[Saved entries]
(* In the setup below, if $\alpha\Gamma^2\ge 4\log n+\omega_{\min}+2$ and $\omega_{\min}\ge4$, then $\max(|R|)\le\max(|R_{\mathrm{aprx}}|)+\max(|R_{\mathrm{neg}}|)\le 2$.
   Context: Setup (primitive Gaussian orbitals). Let $n\ge2$ and let $G=([n],E)$ be a graph with at least one edge and maximum degree at most $d$, where $1\le d\le n-1$. For $\zeta>0$ let $\xi_\zeta(\mathbf r)=(2\zeta/\pi)^{3/4}\exp(-\zeta\|\mathbf r\|^2)$ on $\mathbb R^3$. Fix reals $\beta\ge\alpha>0$, $\Gamma>0$, and distinct points $\mathbf x_{i,l}\in\mathbb R^3$ ($i\in[n]$, $l\in\{0,1,\dots,d\}$) such that: for each edge $\{i,j\}\in E$ there is exactly one pair $(p,q)\in[d]^2$ with $\|\mathbf x_{i,p}-\mathbf x_{j,q}\|=\gamma_{i,j}$, where $0<\gamma_{i,j}<\Gamma$ (write $\mathcal B(i,j)=\{(i,p),(j,q)\}$; these sets are disjoint for distinct edges); and every other pair of distinct points is at distance at least $\Gamma$. Primitive orbitals: $\phi_{i,0}(\mathbf r)=\xi_\beta(\mathbf r-\mathbf x_{i,0})$ and $\phi_{i,l}(\mathbf r)=\xi_\alpha(\mathbf r-\mathbf x_{i,l})$ for $l\ge1$. Let $\omega_{i,j}=\alpha\gamma_{i,j}^2$ and $\omega_{\min}=\min_{\{i,j\}\in E}\omega_{i,j}$. Let $S$ be the $n(d+1)\times n(d+1)$ overlap matrix $s_{(i,p),(j,q)}=\int\phi_{i,p}\phi_{j,q}\,d\mathbf r$ (positive definite). For a matrix $A$ indexed by the primitive indices $(i,p)$, the edge block $A_{i,j}$ is its $2\times2$ submatrix on $\mathcal B(i,j)$, $A_{\mathrm{block}}$ is obtained from $A$ by setting to zero all off-diagonal entries lying outside every edge block, and $A_{\mathrm{neg}}=A-A_{\mathrm{block}}$. Let $R=S^{-1/2}$, $R_{\mathrm{aprx}}=(S_{\mathrm{block}})^{-1/2}$ and $R_{\mathrm{neg}}=R-R_{\mathrm{aprx}}$. $\max(|A|)$ denotes the largest absolute value of an entry of $A$; $\log$ is the natural logarithm. *)

theory Defs
  imports "HOL-Analysis.Analysis"
begin

definition gauss :: "real \<Rightarrow> real^3 \<Rightarrow> real" where
  "gauss \<zeta> r = (2 * \<zeta> / pi) powr (3/4) * exp (- \<zeta> * (norm r)\<^sup>2)"

definition orbital :: "real \<Rightarrow> real \<Rightarrow> (nat \<times> nat \<Rightarrow> real^3) \<Rightarrow> nat \<times> nat \<Rightarrow> real^3 \<Rightarrow> real" where
  "orbital \<alpha> \<beta> x il r = (if snd il = 0 then gauss \<beta> (r - x il) else gauss \<alpha> (r - x il))"

definition overlap :: "real \<Rightarrow> real \<Rightarrow> (nat \<times> nat \<Rightarrow> real^3) \<Rightarrow> nat \<times> nat \<Rightarrow> nat \<times> nat \<Rightarrow> real" where
  "overlap \<alpha> \<beta> x a b = (LINT r|lborel. orbital \<alpha> \<beta> x a r * orbital \<alpha> \<beta> x b r)"

text \<open>Real square matrices indexed by a finite set P, represented as functions
  (entries outside P x P are irrelevant, except where stated).\<close>
type_synonym 'i mat = "'i \<Rightarrow> 'i \<Rightarrow> real"

definition mat_mult :: "'i set \<Rightarrow> 'i mat \<Rightarrow> 'i mat \<Rightarrow> 'i mat" where
  "mat_mult P A B = (\<lambda>a b. \<Sum>c\<in>P. A a c * B c b)"

definition is_identity :: "'i set \<Rightarrow> 'i mat \<Rightarrow> bool" where
  "is_identity P M \<longleftrightarrow> (\<forall>a\<in>P. \<forall>b\<in>P. M a b = (if a = b then 1 else 0))"

definition pos_def :: "'i set \<Rightarrow> 'i mat \<Rightarrow> bool" where
  "pos_def P A \<longleftrightarrow> (\<forall>a\<in>P. \<forall>b\<in>P. A a b = A b a) \<and>
     (\<forall>v. (\<exists>a\<in>P. v a \<noteq> 0) \<longrightarrow> (\<Sum>a\<in>P. \<Sum>b\<in>P. v a * A a b * v b) > 0)"

definition inv_sqrt :: "'i set \<Rightarrow> 'i mat \<Rightarrow> 'i mat" where
  "inv_sqrt P A = (THE R. (\<forall>a b. (a \<notin> P \<or> b \<notin> P) \<longrightarrow> R a b = 0) \<and> pos_def P R \<and>
       is_identity P (mat_mult P (mat_mult P R R) A))"

definition max_abs :: "'i set \<Rightarrow> 'i mat \<Rightarrow> real" where
  "max_abs P A = Max {\<bar>A a b\<bar> | a b. a \<in> P \<and> b \<in> P}"

end

theory Submission
  imports Defs "HOL-Probability.Distributions" "HOL-Computational_Algebra.Formal_Power_Series"
begin

(*
  The overlap of two primitive Gaussians with exponents z1, z2 >= alpha is explicit,
    S_ab = (4 z1 z2 / (z1 + z2)^2)^(3/4) * exp (- z1 z2 / (z1 + z2) * |x_a - x_b|^2),
  so S_aa = 1 and 0 <= S_ab <= exp (- alpha |x_a - x_b|^2 / 2).  Hence every row of S, and of
  S_block, deviates from the identity by at most 1/4 in l1-norm: a point has at most one partner in
  its edge block, contributing at most exp (- omega_min / 2) <= exp (-2), and each of the at most
  n^2 remaining points contributes at most exp (-3) / n^2 by the choice of Gamma.

  For a symmetric A = I + D whose rows of |D| sum to at most 1/4 the binomial series
  sum_k (-1/2 choose k) D^k converges.  Its square is the Neumann series of A^(-1), it is positive
  definite, and it is the only positive definite R with R R A = I, so it is A^(-1/2).  Its entries
  differ from those of I by at most sum_(k>=1) 4^(-k) = 1/3, whence max |R_aprx| <= 4/3 and
  max |R_neg| <= 2/3.
*)

section \<open>Overlap of two Gaussian orbitals\<close>

lemma has_bochner_integral_gauss_product_1d:
  fixes z1 z2 u w :: real
  assumes z1: "z1 > 0" and z2: "z2 > 0"
  shows "has_bochner_integral lborel (\<lambda>t. exp (-(z1 * (t - u)^2 + z2 * (t - w)^2)))
           (sqrt (pi / (z1 + z2)) * exp (-(z1 * z2 / (z1 + z2)) * (u - w)^2))"
proof -
  define s where "s = z1 + z2"
  have s: "s > 0" using z1 z2 by (simp add: s_def)
  define m where "m = (z1 * u + z2 * w) / s"
  define \<sigma> where "\<sigma> = sqrt (inverse (2 * s))"
  \<comment> \<open>completing the square: the integrand is a multiple of the normal density with mean m\<close>
  have square: "z1 * (t - u)^2 + z2 * (t - w)^2 = s * (t - m)^2 + (z1 * z2 / s) * (u - w)^2" for t
  proof -
    have mean: "z1 * (t - u) + z2 * (t - w) = s * (t - m)"
      using s by (simp add: m_def s_def field_simps)
    have "s * (z1 * (t - u)^2 + z2 * (t - w)^2) = (s * (t - m))^2 + z1 * z2 * (u - w)^2"
      unfolding mean[symmetric] by (simp add: s_def power2_eq_square algebra_simps)
    also have "\<dots> = s * (s * (t - m)^2 + (z1 * z2 / s) * (u - w)^2)"
      using s by (simp add: power2_eq_square field_simps)
    finally show ?thesis using s by simp
  qed
  have density: "normal_density m \<sigma> t = sqrt (s / pi) * exp (-(s * (t - m)^2))" for t
    using s unfolding normal_density_def \<sigma>_def by (simp add: real_sqrt_divide field_simps)
  have integrand: "exp (-(z1 * (t - u)^2 + z2 * (t - w)^2)) =
      (sqrt (pi / s) * exp (-(z1 * z2 / s) * (u - w)^2)) * normal_density m \<sigma> t" for t
  proof -
    have "sqrt (pi / s) * sqrt (s / pi) = 1" using s by (simp add: real_sqrt_mult[symmetric])
    then show ?thesis
      unfolding square density by (simp add: exp_add[symmetric] mult_ac)
  qed
  have "has_bochner_integral lborel (normal_density m \<sigma>) 1"
    unfolding has_bochner_integral_iff using s by (simp add: \<sigma>_def)
  from has_bochner_integral_mult_right[OF this] show ?thesis
    unfolding s_def[symmetric] integrand by simp
qed
(* Consider the following group-based qualification system (the 2018 FIFA World Cup qualification format, European zone). There are $k=9$ groups of $6$ teams each; within each group every pair of teams plays a home and an away match. A win gives $3$ points, a draw $1$, a loss $0$. In each group teams are ranked by: (1) points, (2) goal difference (goals scored minus goals conceded) over all group matches, (3) goals scored over all group matches, then by any further fixed tie-breaking rules producing a strict order. Group winners are directly qualified ($\mathcal{R}=2$); teams ranked third to sixth are eliminated ($\mathcal{R}=0$). The nine runners-up form the repechage group; each runner-up is evaluated only on its $8$ matches against the teams ranked first to fifth in its group (the two matches against the sixth-placed team are discarded), and the runners-up are ranked by (1) points, (2) goal difference, (3) goals scored, computed over these $8$ matches, then by further fixed tie-breaking rules. The eight best runners-up advance to the play-offs ($\mathcal{R}=1$) and the worst runner-up is eliminated ($\mathcal{R}=0$). Then this system is not strategy-proof: there exist a team $x$ in some group and two sets of group results $V,\bar V$ that coincide except that in one match of $x$ the opponent scores more goals against $x$ under $\bar V$ than under $V$, such that $\mathcal{R}(V,x)=0$ and $\mathcal{R}(\bar V,x)=1$.
   Context: $\mathcal{R}(V,x)\in\{0,1,2\}$ denotes the outcome for team $x$ under the full set of match results $V$ of all nine groups: $2$ = directly qualified, $1$ = advanced to the play-offs, $0$ = eliminated. A set of group results records, for every ordered pair $(x,y)$ of distinct teams of the same group, the numbers of goals scored by the home team $x$ and the away team $y$ in their match at $x$'s home. *)

theory Defs
  imports Main
begin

## What is being asked
Of the entries above, transcribe exactly those lines that fall between the line containing "with mean m\<close>" and the line containing "using s by (simp add: m_def", together with those two lines.

## Answer area
  \<comment> \<open>completing the square: the integrand is a multiple of the normal density with mean m\<close>
  have square: "z1 * (t - u)^2 + z2 * (t - w)^2 = s * (t - m)^2 + (z1 * z2 / s) * (u - w)^2" for t
  proof -
    have mean: "z1 * (t - u) + z2 * (t - w) = s * (t - m)"
      using s by (simp add: m_def s_def field_simps)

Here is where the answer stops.